**Description of the task**
Lines holding the string "degree" are the ones to copy; find them all in the data.

Saved entries
..........

(* Let $s\ge1$ and $p\in F_{2,2s}$. Suppose $(a,b)$ and $(c,d)$ are both signatures of $p$ with $a>c$ and $b<d$. Then $a+d\ge s+3$, $b+c\ge s+1$, $\max\{a+b,c+d\}\ge s+2$, and $a,b,c,d\ge1$.
   Context: $F_{2,2s}$ is the space of real binary forms of degree $2s$ in $x,y$. A representation of $p\in F_{2,2s}$ is an expression $p=\sum_{j=1}^r\lambda_j(\alpha_jx+\beta_jy)^{2s}$ with $r\ge0$ (empty sum $=0$), $\alpha_j,\beta_j\in\mathbb R$, $0\ne\lambda_j\in\mathbb R$; it is honest if the linear forms $\alpha_jx+\beta_jy$ are pairwise non-proportional. Its badge is $(a,b)$ where $a=\#\{j:\lambda_j>0\}$, $b=\#\{j:\lambda_j<0\}$. $\mathcal B(p)$ is the set of badges of honest representations of $p$. Badges are ordered by $(a,b)\preceq(c,d)$ iff $a\le c$ and $b\le d$; a signature of $p$ is a minimal element of $\mathcal B(p)$ for $\preceq$. *)

theory Defs
  imports Complex_Main
begin

text \<open>Real binary forms of degree d in x,y, viewed as functions of (x,y):
  p x y = sum_{k=0}^{d} c_k x^k y^(d-k).  F_{2,2s} is binary_form (2*s).\<close>
definition binary_form :: "nat \<Rightarrow> (real \<Rightarrow> real \<Rightarrow> real) \<Rightarrow> bool" where
  "binary_form d p \<longleftrightarrow> (\<exists>c :: nat \<Rightarrow> real. \<forall>x y. p x y = (\<Sum>k\<le>d. c k * x ^ k * y ^ (d - k)))"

..........

**Solution for this problem**
   Context: $F_{2,2s}$ is the space of real binary forms of degree $2s$ in $x,y$. A representation of $p\in F_{2,2s}$ is an expression $p=\sum_{j=1}^r\lambda_j(\alpha_jx+\beta_jy)^{2s}$ with $r\ge0$ (empty sum $=0$), $\alpha_j,\beta_j\in\mathbb R$, $0\ne\lambda_j\in\mathbb R$; it is honest if the linear forms $\alpha_jx+\beta_jy$ are pairwise non-proportional. Its badge is $(a,b)$ where $a=\#\{j:\lambda_j>0\}$, $b=\#\{j:\lambda_j<0\}$. $\mathcal B(p)$ is the set of badges of honest representations of $p$. Badges are ordered by $(a,b)\preceq(c,d)$ iff $a\le c$ and $b\le d$; a signature of $p$ is a minimal element of $\mathcal B(p)$ for $\preceq$. *)
text \<open>Real binary forms of degree d in x,y, viewed as functions of (x,y):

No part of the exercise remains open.